Exit if trend definitely reverses (e.g. breakout with volume after news, etc), broken resistance, etc Losing trade may be exited early when the spread has lost 50% amount of its opening value - discretionary. If confident of direction, consider rolling with the punch and sell more shorts by following the 3rd sub-bullet from the first bullet in D). In the last month before expiration of the long option, consider the final exit.
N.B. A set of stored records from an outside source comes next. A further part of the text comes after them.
lemma nn_integral_h_dist_nonzero_coords:
  assumes "finite I" and "i \<in> I" and "j \<noteq> 0" and "\<And>k. k \<in> I \<Longrightarrow> 0 \<notin> set_pmf (p k)"
  shows "(\<integral>\<^sup>+v. indicator {v. v i = j} v * G {k\<in>I. v k \<noteq> 0} \<partial>h_dist I p y)
           = ennreal (pmf (p i) j) * (\<integral>\<^sup>+R. indicator {R. i \<in> R} R * G R \<partial>indep_random_set I y)"
proof -
  let ?coins = "Pi_pmf I False (\<lambda>k. bernoulli_pmf (y k))"
  let ?M = "\<lambda>b. Pi_pmf I 0 (\<lambda>k. if b k then p k else return_pmf 0)"
  have "(\<integral>\<^sup>+v. indicator {v. v i = j} v * G {k\<in>I. v k \<noteq> 0} \<partial>h_dist I p y)
         = (\<integral>\<^sup>+b. \<integral>\<^sup>+v. G {k\<in>I. b k} * indicator {v. v i = j} v \<partial>?M b \<partial>?coins)"
    using assms by (auto simp: h_dist_conv_bind_coins mult.commute AE_measure_pmf_iff
        dest!: nonzero_coords_masked_Pi_pmf[rotated 2] intro!: nn_integral_cong nn_integral_cong_AE)
  also have "\<dots> = (\<integral>\<^sup>+b. G {k\<in>I. b k} * (indicator {b. b i} b * ennreal (pmf (p i) j)) \<partial>?coins)"
    using assms by (simp add: nn_integral_cmult emeasure_masked_Pi_pmf_coordinate)
  also have "\<dots> = ennreal (pmf (p i) j) * (\<integral>\<^sup>+R. indicator {R. i \<in> R} R * G R \<partial>indep_random_set I y)"
    using assms(2) by (auto simp: indep_random_set_def nn_integral_cmult[symmetric] mult_ac
        intro!: nn_integral_cong split: split_indicator)
  finally show ?thesis .
qed
text \<open>The \<open>(j p + l)\<close>-th column of the stacked matrix inequality is the drift condition for node
  \<open>j\<close> in phase \<open>l\<close>.\<close>

lemma stacked_ineq_component:
  fixes P :: "nat \<Rightarrow> mat"
  assumes j: "j < n" and l: "l < p"
    and ineq: "vmul (n*p) v (madd (dsum p p (\<lambda>i. mT (offdiag (P i))))
                            (kron p p (mmul n (mmul n (diagm J) (diagm beta)) A) (outer u1 ones))) (j*p+l)
         + vmul n ones (dsum 1 p (\<lambda>i. \<lambda>_ m. exitvec p (P i) m)) (j*p+l)
         + vmul n ones (kron 1 p (diagm delta) (\<lambda>_ _. 1)) (j*p+l)
         < vmul (n*p) v (dsum p p (\<lambda>i. dsum 1 1 (\<lambda>l _ _. d i l))) (j*p+l)"
  shows "(\<Sum>m<p. v (j*p+m) * offdiag (P j) l m) + (\<Sum>i<n. v (i*p) * (J i * beta i * A i j))
       + exitvec p (P j) l + delta j < v (j*p+l) * d j l"
proof -
  have "(\<Sum>i<n. v (i*p) * mmul n (mmul n (diagm J) (diagm beta)) A i j) = (\<Sum>i<n. v (i*p) * (J i * beta i * A i j))"
    by (intro sum.cong refl) (simp add: mmul_diagm_diagm)
  then show ?thesis
    using ineq unfolding vmul_dsum_diag[OF j l] vmul_madd vmul_dsum[OF j l] vmul_kron_outer[OF j l] vmul_ones_dsum[OF j l]
      vmul_ones_kron[OF j l]
    by (simp add: mT_def)
qed

lemma sum_initial_phase:
  fixes p :: nat and v :: "nat \<Rightarrow> real"
  assumes "0 < p"
  shows "(\<Sum>c<n*p. v c * (if c div p \<in> I \<and> c mod p = 0 then 1 else 0)) = (\<Sum>i<n. if i \<in> I then v (i*p) else 0)"
proof -
  have "(\<Sum>c<n*p. v c * (if c div p \<in> I \<and> c mod p = 0 then 1 else 0))
      = (\<Sum>i<n. \<Sum>m<p. v (i*p+m) * (if (i*p+m) div p \<in> I \<and> (i*p+m) mod p = 0 then 1 else 0))"
    by (rule sum_lessThan_mult)
  also have "\<dots> = (\<Sum>i<n. \<Sum>m<p. if m = 0 then (if i \<in> I then v (i*p) else 0) else 0)"
    by (intro sum.cong refl) auto
  finally show ?thesis
    using assms by simp
qed

lemma posynomial_fun_nonneg:
  assumes "posynomial_fun q F" "\<forall>k<q. x k > 0"
  shows "0 \<le> F x"
proof -
  obtain cs :: "(real \<times> (nat \<Rightarrow> real)) list" where cs: "\<forall>(c,a)\<in>set cs. c > 0"
    "\<forall>x. (\<forall>k<q. x k > 0) \<longrightarrow> F x = (\<Sum>(c,a)\<leftarrow>cs. c * (\<Prod>k<q. x k powr a k))"
    using assms(1) unfolding posynomial_fun_def by blast
  have "0 \<le> (\<Sum>(c,a)\<leftarrow>cs. c * (\<Prod>k<q. x k powr a k))"
    using cs(1) by (intro sum_list_nonneg) (auto intro!: mult_nonneg_nonneg prod_nonneg)
  then show ?thesis
    using cs(2) assms(2) by simp
qed

section \<open>The resource allocation problem\<close>

text \<open>Symmetry of \<open>A\<close>, the monomial and posynomial structure of \<open>\<Pi>\<^sub>i\<close> and of the costs, and
  invertibility of \<open>\<Pi>\<^sub>i\<close> are what make the allocation problem a geometric program; the feasibility
  claim itself only needs nonnegativity of the rates.\<close>

theorem theorem2:
  fixes n p :: nat
    and A :: mat
    and delta beta betalo betahi :: "nat \<Rightarrow> real"
    and q :: "nat \<Rightarrow> nat"
    and Pm :: "nat \<Rightarrow> (nat \<Rightarrow> real) \<Rightarrow> mat"
    and gamma gammalo gammahi :: "nat \<Rightarrow> nat \<Rightarrow> real"
    and I0 :: "nat set"
    and Cbar lambdabar :: real
    and g :: "nat \<Rightarrow> real \<Rightarrow> real"
    and h :: "nat \<Rightarrow> (nat \<Rightarrow> real) \<Rightarrow> real"
    and kappa alpha :: "nat \<Rightarrow> nat \<Rightarrow> real"
    and v :: "nat \<Rightarrow> real"
  assumes p_pos: "0 < p"
    and A_sym: "\<forall>i<n. \<forall>j<n. A i j = A j i"
    and A_01: "\<forall>i<n. \<forall>j<n. A i j = 0 \<or> A i j = 1"
    and A_loop: "\<forall>i<n. A i i = 0"
    and delta_pos: "\<forall>i<n. delta i > 0"
    and I0_sub: "I0 \<subseteq> {..<n}"
    and Cbar_pos: "Cbar > 0"
    and lambdabar_pos: "lambdabar > 0"
    and beta_int: "\<forall>i<n. 0 < betalo i \<and> betalo i \<le> betahi i"
    and gamma_box: "\<forall>i<n. \<forall>k<q i. 0 < gammalo i k \<and> gammalo i k \<le> gammahi i k"
    and w_posy: "\<forall>i<n. \<forall>l<p. posynomial_fun (q i) (\<lambda>\<gamma>. exitvec p (Pm i \<gamma>) l)"
    and O_posy: "\<forall>i<n. \<forall>l<p. \<forall>m<p. l \<noteq> m \<longrightarrow> posynomial_fun (q i) (\<lambda>\<gamma>. Pm i \<gamma> l m)"
    and D_mono: "\<forall>i<n. \<forall>l<p. monomial_fun (q i) (\<lambda>\<gamma>. - Pm i \<gamma> l l)"
    and g_posy: "\<forall>i<n. posynomial_fun 1 (\<lambda>x. g i (x 0))"
    and h_posy: "\<forall>i<n. posynomial_fun (q i) (h i)"
    and Pi_inv: "\<forall>i<n. invertible_mat p (Pm i (gamma i))"
    and kappa_pos: "\<forall>i<n. \<forall>l<p. kappa i l > 0"
    and alpha_pos: "\<forall>i<n. \<forall>l<p. alpha i l > 0"
    and kappa_bound: "\<forall>i<n. \<forall>l<p. \<forall>\<gamma>. (\<forall>k<q i. gammalo i k \<le> \<gamma> k \<and> \<gamma> k \<le> gammahi i k) \<longrightarrow>
         kappa i l * (- Pm i \<gamma> l l) powr alpha i l \<le> (- Pm i \<gamma> l l) + delta i"
    and v_pos: "\<forall>c<n*p. v c > 0"
    and main_ineq: "\<forall>c<n*p.
         vmul (n*p) v (madd (dsum p p (\<lambda>i. mT (offdiag (Pm i (gamma i)))))
                            (kron p p (mmul n (mmul n (diagm (\<lambda>i. if i \<in> I0 then 0 else 1)) (diagm beta)) A)
                                      (outer u1 ones))) c
         + vmul n ones (dsum 1 p (\<lambda>i. \<lambda>_ m. exitvec p (Pm i (gamma i)) m)) c
         + vmul n ones (kron 1 p (diagm delta) (\<lambda>_ _. 1)) c
         < vmul (n*p) v (dsum p p (\<lambda>i. dsum 1 1 (\<lambda>l _ _. kappa i l * (- Pm i (gamma i) l l) powr alpha i l))) c"
    and budget: "(\<Sum>i<n. g i (beta i) + h i (gamma i)) \<le> Cbar"
    and v_init: "(\<Sum>c<n*p. v c * (if c div p \<in> I0 \<and> c mod p = 0 then 1 else 0)) < lambdabar + real (card I0)"
    and beta_bd: "\<forall>i<n. betalo i \<le> beta i \<and> beta i \<le> betahi i"
    and gamma_bd: "\<forall>i<n. \<forall>k<q i. gammalo i k \<le> gamma i k \<and> gamma i k \<le> gammahi i k"
  shows "(\<forall>i<n. betalo i \<le> beta i \<and> beta i \<le> betahi i)
       \<and> (\<forall>i<n. \<forall>k<q i. gammalo i k \<le> gamma i k \<and> gamma i k \<le> gammahi i k)
       \<and> (\<Sum>i<n. g i (beta i) + h i (gamma i)) \<le> Cbar
       \<and> (\<exists>L. ((\<lambda>t. sir_ERem n p A beta delta (\<lambda>i. Pm i (gamma i)) I0 t) \<longlongrightarrow> L) at_top
              \<and> L - real (card I0) \<le> lambdabar)"
proof -
  have gamma_pos: "\<forall>k<q i. gamma i k > 0" if "i < n" for i
    using that gamma_box gamma_bd by (meson less_le_trans)
  interpret sir_drift n p A beta delta "\<lambda>i. Pm i (gamma i)" I0 v
  proof
    show "0 < p" "I0 \<subseteq> {..<n}"
      by (fact p_pos I0_sub)+
    show "A i j \<ge> 0" if "i < n" "j < n" for i j
      using A_01 that by fastforce
    show "beta i \<ge> 0" if "i < n" for i
      using beta_int beta_bd that by (meson less_le_trans less_imp_le)
    show "delta i \<ge> 0" if "i < n" for i
      using delta_pos that by (simp add: less_imp_le)
    show "v c \<ge> 0" if "c < n * p" for c
      using v_pos that by (simp add: less_imp_le)
    show "Pm i (gamma i) l m \<ge> 0" if "i < n" "l < p" "m < p" "l \<noteq> m" for i l m
      using that O_posy gamma_pos by (intro posynomial_fun_nonneg[of "q i" "\<lambda>\<gamma>. Pm i \<gamma> l m"]) auto
    show "exitvec p (Pm i (gamma i)) l \<ge> 0" if "i < n" "l < p" for i l
      using that w_posy gamma_pos by (intro posynomial_fun_nonneg[of "q i" "\<lambda>\<gamma>. exitvec p (Pm i \<gamma>) l"]) auto
    fix j l assume j: "j < n" and l: "l < p"
    have "kappa j l * (- Pm j (gamma j) l l) powr alpha j l \<le> - Pm j (gamma j) l l + delta j"
      using kappa_bound j l gamma_bd by simp
    then have "v (j*p+l) * (kappa j l * (- Pm j (gamma j) l l) powr alpha j l)
        \<le> v (j*p+l) * (- Pm j (gamma j) l l + delta j)"
      using v_pos index_less[OF j l] by (simp add: mult_left_mono)
    then show "(\<Sum>m<p. v (j*p+m) * offdiag (Pm j (gamma j)) l m)
        + (\<Sum>i<n. v (i*p) * ((if i \<in> I0 then 0 else 1) * beta i * A i j))
        + exitvec p (Pm j (gamma j)) l + delta j \<le> v (j*p+l) * (- Pm j (gamma j) l l + delta j)"
      using stacked_ineq_component[OF j l main_ineq[rule_format, OF index_less[OF j l]]] by linarith
  qed
  obtain L where "((\<lambda>t. sir_ERem n p A beta delta (\<lambda>i. Pm i (gamma i)) I0 t) \<longlongrightarrow> L) at_top"
    and "L \<le> (\<Sum>i<n. if i \<in> I0 then v (i*p) else 0)"
    using expected_removed_limit_le by blast
  then show ?thesis
    using beta_bd gamma_bd budget v_init unfolding sum_initial_phase[OF p_pos] by auto
qed
definition pair_variation :: "('a \<Rightarrow> real) \<Rightarrow> ennreal" where
  "pair_variation v = (\<integral>\<^sup>+z. ennreal \<bar>v (fst z) - v (snd z)\<bar> \<partial>(lebesgue_on S \<Otimes>\<^sub>M lebesgue_on S))"

lemma local_variation_eq_pair_variation:
  assumes "\<forall>x\<in>S. \<forall>y\<in>S. dist x y < R"
  shows "local_variation v R = pair_variation v"
  unfolding local_variation_def pair_variation_def
  by (intro nn_integral_cong) (use assms in \<open>auto simp: space_pair_measure\<close>)

definition singular_energy :: "('a \<Rightarrow> real) \<Rightarrow> real \<Rightarrow> ennreal" where
  "singular_energy v p = (\<integral>\<^sup>+z. ennreal (\<bar>v (fst z) - v (snd z)\<bar> / dist (fst z) (snd z) powr p)
     \<partial>(lebesgue_on S \<Otimes>\<^sub>M lebesgue_on S))"

definition near_singular_energy :: "('a \<Rightarrow> real) \<Rightarrow> real \<Rightarrow> real \<Rightarrow> ennreal" where
  "near_singular_energy v p \<delta> = (\<integral>\<^sup>+z. ennreal (indicator {z. dist (fst z) (snd z) < \<delta>} z *
     \<bar>v (fst z) - v (snd z)\<bar> / dist (fst z) (snd z) powr p) \<partial>(lebesgue_on S \<Otimes>\<^sub>M lebesgue_on S))"

lemma local_variation_le_near_singular_energy:
  assumes "r \<le> \<delta>" "r \<le> 1" "0 \<le> p"
  shows "local_variation v r \<le> near_singular_energy v p \<delta>"
  unfolding local_variation_def near_singular_energy_def
proof (intro nn_integral_mono)
  fix z :: "'a \<times> 'a"
  obtain x y where z: "z = (x, y)"
    by (cases z)
  have "\<bar>v x - v y\<bar> \<le> \<bar>v x - v y\<bar> / dist x y powr p" if "dist x y < r"
  proof (cases "x = y")
    case False
    with that assms have "dist x y powr p \<le> 1"
      by (intro powr_le1) auto
    with False show ?thesis
      by (simp add: le_divide_eq mult_left_le)
  qed simp
  then show "indicator {z. dist (fst z) (snd z) < r} z * ennreal \<bar>v (fst z) - v (snd z)\<bar>
    \<le> ennreal (indicator {z. dist (fst z) (snd z) < \<delta>} z * \<bar>v (fst z) - v (snd z)\<bar> /
        dist (fst z) (snd z) powr p)"
    using assms by (auto simp: z indicator_def ennreal_leI)
qed

lemma singular_energy_le_near_plus_pair_variation:
  assumes [measurable]: "v \<in> borel_measurable (lebesgue_on S)" and "0 < \<delta>" "0 \<le> p"
  shows "singular_energy v p
    \<le> near_singular_energy v p \<delta> + ennreal (\<delta> powr (- p)) * pair_variation v"
proof -
  note measurable_id_borel[measurable]
  let ?M = "lebesgue_on S \<Otimes>\<^sub>M lebesgue_on S"
  have pointwise: "\<bar>v x - v y\<bar> / dist x y powr p
    \<le> indicator {z. dist (fst z) (snd z) < \<delta>} z * \<bar>v x - v y\<bar> / dist x y powr p
      + \<delta> powr (- p) * \<bar>v x - v y\<bar>"
    if "z = (x, y)" for x y z
  proof (cases "dist x y < \<delta>")
    case False
    with assms have "\<delta> powr p \<le> dist x y powr p" and "0 < dist x y"
      by (auto intro: powr_mono2)
    with assms have "\<bar>v x - v y\<bar> / dist x y powr p \<le> \<bar>v x - v y\<bar> / \<delta> powr p"
      by (intro divide_left_mono) auto
    with False that show ?thesis
      by (simp add: powr_minus divide_inverse mult.commute)
  qed (simp add: that)
  have "singular_energy v p
      \<le> (\<integral>\<^sup>+z. ennreal (indicator {z. dist (fst z) (snd z) < \<delta>} z *
            \<bar>v (fst z) - v (snd z)\<bar> / dist (fst z) (snd z) powr p)
          + ennreal (\<delta> powr (- p)) * ennreal \<bar>v (fst z) - v (snd z)\<bar> \<partial>?M)"
    unfolding singular_energy_def
    by (intro nn_integral_mono)
      (simp add: pointwise[OF prod.collapse[symmetric]] ennreal_leI
        flip: ennreal_mult ennreal_plus del: ennreal_plus)
  also have "\<dots> = near_singular_energy v p \<delta> + ennreal (\<delta> powr (- p)) * pair_variation v"
    unfolding near_singular_energy_def pair_variation_def
    by (subst nn_integral_add) (simp_all add: nn_integral_cmult)
  finally show ?thesis .
qed

lemma ex_borel_representative:
  fixes u :: "'a \<Rightarrow> real"
  assumes "u \<in> borel_measurable (lebesgue_on S)"
  obtains g where "g \<in> borel_measurable borel" "AE x in lebesgue_on S. u x = g x"
proof -
  have "(\<lambda>x. indicator S x *\<^sub>R u x) \<in> borel_measurable lebesgue"
    using assms borel_measurable_restrict_space_iff[of S lebesgue u] by simp
  then obtain g where g: "g \<in> borel_measurable lborel"
    and "AE x in lborel. indicator S x *\<^sub>R u x = g x"
    using completion_ex_borel_measurable_real by blast
  then have "AE x in lebesgue_on S. u x = g x"
    by (subst AE_restrict_space_iff)
      (auto dest!: AE_completion elim!: eventually_mono simp: indicator_def)
  with g that show ?thesis
    by simp
qed
(* Let $\mathcal C$ be a depth-$\Delta$ Clifford circuit on $n$ qubits with linear outcome code $\mathcal O(\mathcal C)$. The group of all operators in $\overline{\mathcal P}_{n(\Delta+1)}$ that commute with every $\overleftarrow{F(u)}$, $u\in\mathcal O(\mathcal C)^\perp$ (the stabilizers and logical operators of the spacetime code), is generated by: (i) the operators $\eta_{\Delta+0.5}(P)$, $P$ ranging over a basis of $\overline{\mathcal P}_n$; (ii) for each $\ell=1,\dots,\Delta$, the operators $G(P,\ell)$, $P$ ranging over a basis of the space of Pauli operators in $\overline{\mathcal P}_n$ commuting with all operators measured at level $\ell$; (iii) the operators $L(v)$, $v$ ranging over a basis of $\mathcal O(\mathcal C)$.
   Context: A Clifford circuit on $n$ qubits is a finite sequence of operations, each a unitary Clifford gate or the measurement of a Hermitian $n$-qubit Pauli, each with a level in $\{1,2,\dots\}$; operations of equal level have disjoint supports and levels are nondecreasing; depth $\Delta$ = maximal level. In circuit order the $j$-th measurement measures $S_j$ at level $\ell_j$ ($j=1,\dots,m$); outcome $o_j=0$ for eigenvalue $+1$, $1$ for $-1$. The outcome code $\mathcal O(\mathcal C)\subseteq\mathbb Z_2^m$ is the set of outcome bit-strings occurring with nonzero probability for some input state; $\perp$ refers to $(u|v)=\sum u_iv_i\bmod2$. $\overline{\mathcal P}_N$ is the $N$-qubit Pauli group modulo phases. $U_\ell$ is the product of the unitary gates of level $\ell$ (identity if none). Fault operators $F\in\overline{\mathcal P}_{n(\Delta+1)}$ act on qubits $(\ell+0.5,q)$, $0\le\ell\le\Delta$, $1\le q\le n$, with level components $F_{\ell+0.5}$; $\eta_{\ell+0.5}(P)$ is $P$ at level $\ell+0.5$ and $I$ elsewhere. Back-cumulant $\overleftarrow F$: start with $F$; for $\ell=\Delta,\dots,1$ replace $\overleftarrow F_{\ell-0.5}$ by $\overleftarrow F_{\ell-0.5}\cdot U_\ell^{-1}\overleftarrow F_{\ell+0.5}U_\ell$. $F(u)=\prod_j\eta_{\ell_j-0.5}(S_j^{u_j})$. For $1\le\ell\le\Delta$ and $P\in\overline{\mathcal P}_n$, $G(P,\ell)=\eta_{\ell-0.5}(P)\,\eta_{\ell+0.5}(U_\ell PU_\ell^{-1})$. For each $j$, fix a Pauli operator $P_j\in\overline{\mathcal P}_n$ supported within the support of $S_j$ and anticommuting with $S_j$; for $v\in\mathbb Z_2^m$, $L(v)=\prod_{j=1}^m G(P_j,\ell_j)^{v_j}$. *)

theory Defs
  imports "Jordan_Normal_Form.Matrix"
begin
(* Let $p>2$ be a prime and $\alpha\ge 3$ an integer, and let $n=p^\alpha$. Then the independent domination polynomial $D_i(\Gamma(\mathbb{Z}_n),x)$ is log-concave but not unimodal.
   Context: For an integer $n\ge 2$, the zero divisor graph $\Gamma(\mathbb{Z}_n)$ is the simple graph whose vertices are the nonzero zero divisors of $\mathbb{Z}_n$, with distinct vertices $a,b$ adjacent if and only if $ab\equiv 0\pmod n$. An independent dominating set of a graph $G$ is a set of pairwise non-adjacent vertices such that every vertex outside the set is adjacent to some vertex in it. If $d_i(G,k)$ denotes the number of independent dominating sets of $G$ of cardinality $k$, the independent domination polynomial is $D_i(G,x)=\sum_{k} d_i(G,k)x^k$. For a polynomial $\sum_{i=0}^b a_i x^i$ of degree $b$ (with $a_i=0$ for absent powers): it is unimodal if there is an index $0\le t\le b$ with $a_0\le a_1\le\dots\le a_t\ge a_{t+1}\ge\dots\ge a_b$; it is log-concave if $a_j^2\ge a_{j-1}a_{j+1}$ for all $1\le j\le b-1$. *)

theory Defs
  imports "HOL-Computational_Algebra.Polynomial"
begin

definition zd_vertices :: "nat \<Rightarrow> nat set" where
  "zd_vertices n = {a. 0 < a \<and> a < n \<and> (\<exists>b. 0 < b \<and> b < n \<and> (a * b) mod n = 0)}"

definition zd_adj :: "nat \<Rightarrow> nat \<Rightarrow> nat \<Rightarrow> bool" where
  "zd_adj n a b \<longleftrightarrow> a \<noteq> b \<and> (a * b) mod n = 0"

definition indep_dom_set :: "nat \<Rightarrow> nat set \<Rightarrow> bool" where
  "indep_dom_set n S \<longleftrightarrow> S \<subseteq> zd_vertices n
     \<and> (\<forall>a\<in>S. \<forall>b\<in>S. \<not> zd_adj n a b)
     \<and> (\<forall>v\<in>zd_vertices n - S. \<exists>u\<in>S. zd_adj n v u)"

definition num_ids :: "nat \<Rightarrow> nat \<Rightarrow> nat" where
  "num_ids n k = card {S. indep_dom_set n S \<and> card S = k}"

definition indep_dom_poly :: "nat \<Rightarrow> nat poly" where
  "indep_dom_poly n = (\<Sum>k\<le>card (zd_vertices n). monom (num_ids n k) k)"

definition unimodal :: "'a::{zero,linorder} poly \<Rightarrow> bool" where
  "unimodal p \<longleftrightarrow> (\<exists>t\<le>degree p.
      (\<forall>i<t. coeff p i \<le> coeff p (Suc i)) \<and>
      (\<forall>i. t \<le> i \<and> i < degree p \<longrightarrow> coeff p (Suc i) \<le> coeff p i))"

definition log_concave :: "'a::{comm_semiring_1,linorder} poly \<Rightarrow> bool" where
  "log_concave p \<longleftrightarrow> (\<forall>j. 1 \<le> j \<and> j + 1 \<le> degree p \<longrightarrow>
      coeff p (j - 1) * coeff p (j + 1) \<le> (coeff p j)^2)"

end

theory Submission
  imports Defs
begin

text \<open>The vertices of the zero divisor graph of \<open>\<int>/p\<^sup>\<alpha>\<close> are the nonzero multiples of \<open>p\<close> below
  \<open>p ^ \<alpha>\<close>, and two of them are adjacent iff their \<open>p\<close>-multiplicities add up to at least \<open>\<alpha>\<close>. An
  independent dominating set is therefore determined by a vertex \<open>s\<close> of maximal multiplicity \<open>m\<close>: it
  consists of \<open>s\<close> and all vertices of multiplicity below \<open>\<alpha> - m\<close>, and domination forces
  \<open>\<alpha> \<le> 2 m + 1\<close>. So the possible sizes are \<open>p ^ (\<alpha> - 1) - p ^ m + e\<close> with \<open>0 < m < \<alpha>\<close> and
  \<open>e \<in> {0, 1}\<close>. For \<open>p \<ge> 3\<close> no two of them differ by 2, so every product of the coefficients at
  \<open>j - 1\<close> and \<open>j + 1\<close> vanishes; and the coefficients at 1 and at some \<open>d \<ge> 3\<close> are positive
  (take \<open>m = \<alpha> - 1\<close> and \<open>m = \<alpha> - 2\<close>) while the one at 2 is zero, which breaks unimodality.\<close>

lemma log_concave_if_no_gap_two:
  fixes q :: "nat poly"
  assumes "\<And>j. coeff q j \<noteq> 0 \<Longrightarrow> coeff q (j + 2) = 0"
  shows "log_concave q"
  unfolding log_concave_def
proof (intro allI impI)
  fix j :: nat
  assume "1 \<le> j \<and> j + 1 \<le> degree q"
  then have "j + 1 = (j - 1) + 2" by arith
  then have "coeff q (j - 1) * coeff q (j + 1) = 0"
    using assms[of "j - 1"] by (cases "coeff q (j - 1) = 0") simp_all
  then show "coeff q (j - 1) * coeff q (j + 1) \<le> (coeff q j)\<^sup>2" by (metis zero_le)
qed

lemma not_unimodal_if_internal_zero:
  fixes q :: "'a::{zero,linorder} poly"
  assumes "i < j" "j < k" and pos_i: "0 < coeff q i" and zero_j: "coeff q j = 0"
    and pos_k: "0 < coeff q k"
  shows "\<not> unimodal q"
proof
  assume "unimodal q"
  then obtain t where
    up: "\<And>l. l < t \<Longrightarrow> coeff q l \<le> coeff q (Suc l)" and
    down: "\<And>l. t \<le> l \<Longrightarrow> l < degree q \<Longrightarrow> coeff q (Suc l) \<le> coeff q l"
    unfolding unimodal_def by blast
  have "k \<le> degree q" using pos_k by (intro le_degree) auto
  show False
  proof (cases "j \<le> t")
    case True
    have "coeff q i \<le> coeff q l" if "i \<le> l" "l \<le> t" for l
      using that
    proof (induction l rule: dec_induct)
      case (step l)
      then show ?case using up[of l] by auto
    qed simp
    then have "coeff q i \<le> coeff q j" using True \<open>i < j\<close> by simp
    then show False using pos_i zero_j by simp
  next
    case False
    have "coeff q l \<le> coeff q j" if "j \<le> l" "l \<le> k" for l
      using that
    proof (induction l rule: dec_induct)
      case (step l)
      then show ?case using down[of l] False \<open>k \<le> degree q\<close> by force
    qed simp
    then have "coeff q k \<le> coeff q j" using \<open>j < k\<close> by simp
    then show False using pos_k zero_j by simp
  qed
qed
Aim to exit at least 2 weeks before expiration to avoid maximum theta decay on the long side. The final trade may be a vertical, or just sell the long option If the trend is continuing, roll long out.

F) Money Management
Re-enter short position as frequently as possible to generate highest possible returns Position-size for a debit trade. E.g. if 1% total portfolio risk is acceptable, enter the trade calculating a 50% max loss to be no more than 1% of the total portfolio for $100,000, this would be a $1,000 max loss. Final profit is calculated by adding the final credit for the long option to all of the net credits from selling the short options, then subtracting the entry purchase price of the long option.